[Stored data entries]
= = =
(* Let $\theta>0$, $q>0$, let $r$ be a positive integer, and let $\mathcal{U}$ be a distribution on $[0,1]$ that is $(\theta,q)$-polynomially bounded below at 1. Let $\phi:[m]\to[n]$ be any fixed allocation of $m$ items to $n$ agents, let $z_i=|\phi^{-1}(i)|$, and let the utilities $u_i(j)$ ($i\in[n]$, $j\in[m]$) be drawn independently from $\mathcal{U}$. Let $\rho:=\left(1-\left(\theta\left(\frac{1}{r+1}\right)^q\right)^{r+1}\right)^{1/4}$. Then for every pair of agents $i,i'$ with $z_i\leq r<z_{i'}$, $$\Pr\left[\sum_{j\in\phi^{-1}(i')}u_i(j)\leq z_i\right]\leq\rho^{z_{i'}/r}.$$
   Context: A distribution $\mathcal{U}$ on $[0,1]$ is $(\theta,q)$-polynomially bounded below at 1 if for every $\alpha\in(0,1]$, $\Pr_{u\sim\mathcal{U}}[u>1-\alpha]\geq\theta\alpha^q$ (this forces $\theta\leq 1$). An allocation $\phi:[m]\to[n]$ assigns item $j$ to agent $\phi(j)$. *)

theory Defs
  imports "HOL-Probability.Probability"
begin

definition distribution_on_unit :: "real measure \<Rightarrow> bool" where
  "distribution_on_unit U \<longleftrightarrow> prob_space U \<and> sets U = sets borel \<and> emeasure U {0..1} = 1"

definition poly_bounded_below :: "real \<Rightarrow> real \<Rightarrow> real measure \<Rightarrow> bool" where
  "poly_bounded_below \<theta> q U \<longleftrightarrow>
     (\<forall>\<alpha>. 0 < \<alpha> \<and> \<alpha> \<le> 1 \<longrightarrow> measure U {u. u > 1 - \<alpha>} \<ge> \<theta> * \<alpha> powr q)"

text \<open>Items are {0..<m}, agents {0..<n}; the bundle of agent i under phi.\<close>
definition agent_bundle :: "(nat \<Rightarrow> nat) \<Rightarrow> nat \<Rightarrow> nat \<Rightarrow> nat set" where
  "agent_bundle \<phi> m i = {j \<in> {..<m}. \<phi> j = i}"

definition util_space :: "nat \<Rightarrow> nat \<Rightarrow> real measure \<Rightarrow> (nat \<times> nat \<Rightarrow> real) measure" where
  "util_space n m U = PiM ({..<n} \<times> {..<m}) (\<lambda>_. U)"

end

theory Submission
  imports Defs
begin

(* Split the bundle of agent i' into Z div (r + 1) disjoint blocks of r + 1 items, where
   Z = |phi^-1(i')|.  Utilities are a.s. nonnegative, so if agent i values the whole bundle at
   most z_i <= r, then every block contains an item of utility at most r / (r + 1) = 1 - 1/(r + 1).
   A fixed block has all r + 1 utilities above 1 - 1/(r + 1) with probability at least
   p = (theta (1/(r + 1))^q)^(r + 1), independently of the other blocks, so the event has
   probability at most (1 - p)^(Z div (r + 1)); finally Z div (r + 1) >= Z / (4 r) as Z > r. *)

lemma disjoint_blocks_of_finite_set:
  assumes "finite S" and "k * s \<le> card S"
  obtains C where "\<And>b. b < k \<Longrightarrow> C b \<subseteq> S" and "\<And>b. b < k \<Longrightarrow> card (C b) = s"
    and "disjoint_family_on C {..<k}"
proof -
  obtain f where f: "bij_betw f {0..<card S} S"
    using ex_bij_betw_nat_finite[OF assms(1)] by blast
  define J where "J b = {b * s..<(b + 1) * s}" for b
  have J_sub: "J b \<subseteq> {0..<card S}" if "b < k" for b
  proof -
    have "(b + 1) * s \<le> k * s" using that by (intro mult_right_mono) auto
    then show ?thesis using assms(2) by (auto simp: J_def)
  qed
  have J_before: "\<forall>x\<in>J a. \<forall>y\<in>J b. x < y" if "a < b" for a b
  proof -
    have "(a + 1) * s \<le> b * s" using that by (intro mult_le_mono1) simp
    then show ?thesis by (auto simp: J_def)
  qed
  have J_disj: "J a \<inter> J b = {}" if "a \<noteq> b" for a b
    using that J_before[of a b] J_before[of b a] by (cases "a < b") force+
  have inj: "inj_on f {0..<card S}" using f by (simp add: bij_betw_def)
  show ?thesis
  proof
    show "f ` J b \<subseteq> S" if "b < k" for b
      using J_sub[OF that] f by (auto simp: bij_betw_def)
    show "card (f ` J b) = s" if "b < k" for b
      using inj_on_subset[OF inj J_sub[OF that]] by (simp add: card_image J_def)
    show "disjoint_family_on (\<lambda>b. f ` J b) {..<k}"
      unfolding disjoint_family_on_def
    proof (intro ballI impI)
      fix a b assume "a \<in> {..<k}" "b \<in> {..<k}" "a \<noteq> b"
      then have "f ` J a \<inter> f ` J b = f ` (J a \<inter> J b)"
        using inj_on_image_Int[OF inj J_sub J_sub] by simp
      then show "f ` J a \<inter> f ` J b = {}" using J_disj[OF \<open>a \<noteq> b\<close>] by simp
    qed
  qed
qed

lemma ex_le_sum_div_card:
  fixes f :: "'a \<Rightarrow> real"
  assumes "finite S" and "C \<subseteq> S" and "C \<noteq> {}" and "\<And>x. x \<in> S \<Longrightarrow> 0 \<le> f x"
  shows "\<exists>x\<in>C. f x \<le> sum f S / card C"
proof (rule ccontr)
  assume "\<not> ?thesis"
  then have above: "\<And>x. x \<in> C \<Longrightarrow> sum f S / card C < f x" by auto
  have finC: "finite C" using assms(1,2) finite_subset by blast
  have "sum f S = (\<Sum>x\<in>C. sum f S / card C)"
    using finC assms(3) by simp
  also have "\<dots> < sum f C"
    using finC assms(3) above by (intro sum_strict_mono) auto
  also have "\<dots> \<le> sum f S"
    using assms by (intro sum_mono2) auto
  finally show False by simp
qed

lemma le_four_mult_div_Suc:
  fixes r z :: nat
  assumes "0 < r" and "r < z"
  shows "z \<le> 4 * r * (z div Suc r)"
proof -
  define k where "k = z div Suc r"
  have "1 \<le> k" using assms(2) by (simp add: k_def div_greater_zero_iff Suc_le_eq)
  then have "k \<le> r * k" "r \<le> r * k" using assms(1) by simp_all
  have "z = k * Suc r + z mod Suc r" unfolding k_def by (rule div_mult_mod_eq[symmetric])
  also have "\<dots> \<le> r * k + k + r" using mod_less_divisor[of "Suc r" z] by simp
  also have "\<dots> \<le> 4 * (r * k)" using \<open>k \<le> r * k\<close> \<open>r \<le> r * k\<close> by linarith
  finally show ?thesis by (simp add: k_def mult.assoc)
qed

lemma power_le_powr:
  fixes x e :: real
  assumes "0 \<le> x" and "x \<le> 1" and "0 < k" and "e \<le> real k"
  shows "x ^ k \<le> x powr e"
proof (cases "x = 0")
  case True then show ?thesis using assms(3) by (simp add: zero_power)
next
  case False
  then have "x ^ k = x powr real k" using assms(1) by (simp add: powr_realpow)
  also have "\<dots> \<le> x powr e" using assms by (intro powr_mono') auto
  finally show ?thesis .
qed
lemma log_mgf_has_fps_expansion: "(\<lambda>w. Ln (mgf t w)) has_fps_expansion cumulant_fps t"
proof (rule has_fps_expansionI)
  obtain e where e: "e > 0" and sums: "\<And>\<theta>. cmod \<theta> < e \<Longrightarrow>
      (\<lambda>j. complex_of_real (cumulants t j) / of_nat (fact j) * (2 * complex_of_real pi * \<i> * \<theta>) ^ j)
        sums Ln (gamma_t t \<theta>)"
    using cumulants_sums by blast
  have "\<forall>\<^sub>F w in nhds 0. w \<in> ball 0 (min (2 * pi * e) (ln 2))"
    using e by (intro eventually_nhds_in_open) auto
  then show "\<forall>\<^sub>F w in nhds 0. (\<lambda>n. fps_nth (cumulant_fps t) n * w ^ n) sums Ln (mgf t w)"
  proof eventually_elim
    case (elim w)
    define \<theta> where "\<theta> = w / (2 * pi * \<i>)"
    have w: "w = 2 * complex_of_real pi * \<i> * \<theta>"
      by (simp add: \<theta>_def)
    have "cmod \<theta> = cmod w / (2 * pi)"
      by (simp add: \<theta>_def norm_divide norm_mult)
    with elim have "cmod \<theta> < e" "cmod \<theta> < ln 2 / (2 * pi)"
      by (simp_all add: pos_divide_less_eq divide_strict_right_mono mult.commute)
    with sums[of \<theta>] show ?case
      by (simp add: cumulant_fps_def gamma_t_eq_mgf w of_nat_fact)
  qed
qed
= = =
■ What the task requires ■
The expected answer is an exact copy of the lines above, beginning at the line with "using finC assms(3) by simp" and ending at the line with "using cumulants_sums by blast", with both ends in.

■ Answer box ■
    using finC assms(3) by simp
  also have "\<dots> < sum f C"
    using finC assms(3) above by (intro sum_strict_mono) auto
  also have "\<dots> \<le> sum f S"
    using assms by (intro sum_mono2) auto
  finally show False by simp
qed

lemma le_four_mult_div_Suc:
  fixes r z :: nat
  assumes "0 < r" and "r < z"
  shows "z \<le> 4 * r * (z div Suc r)"
proof -
  define k where "k = z div Suc r"
  have "1 \<le> k" using assms(2) by (simp add: k_def div_greater_zero_iff Suc_le_eq)
  then have "k \<le> r * k" "r \<le> r * k" using assms(1) by simp_all
  have "z = k * Suc r + z mod Suc r" unfolding k_def by (rule div_mult_mod_eq[symmetric])
  also have "\<dots> \<le> r * k + k + r" using mod_less_divisor[of "Suc r" z] by simp
  also have "\<dots> \<le> 4 * (r * k)" using \<open>k \<le> r * k\<close> \<open>r \<le> r * k\<close> by linarith
  finally show ?thesis by (simp add: k_def mult.assoc)
qed

lemma power_le_powr:
  fixes x e :: real
  assumes "0 \<le> x" and "x \<le> 1" and "0 < k" and "e \<le> real k"
  shows "x ^ k \<le> x powr e"
proof (cases "x = 0")
  case True then show ?thesis using assms(3) by (simp add: zero_power)
next
  case False
  then have "x ^ k = x powr real k" using assms(1) by (simp add: powr_realpow)
  also have "\<dots> \<le> x powr e" using assms by (intro powr_mono') auto
  finally show ?thesis .
qed
lemma log_mgf_has_fps_expansion: "(\<lambda>w. Ln (mgf t w)) has_fps_expansion cumulant_fps t"
proof (rule has_fps_expansionI)
  obtain e where e: "e > 0" and sums: "\<And>\<theta>. cmod \<theta> < e \<Longrightarrow>
      (\<lambda>j. complex_of_real (cumulants t j) / of_nat (fact j) * (2 * complex_of_real pi * \<i> * \<theta>) ^ j)
        sums Ln (gamma_t t \<theta>)"
    using cumulants_sums by blast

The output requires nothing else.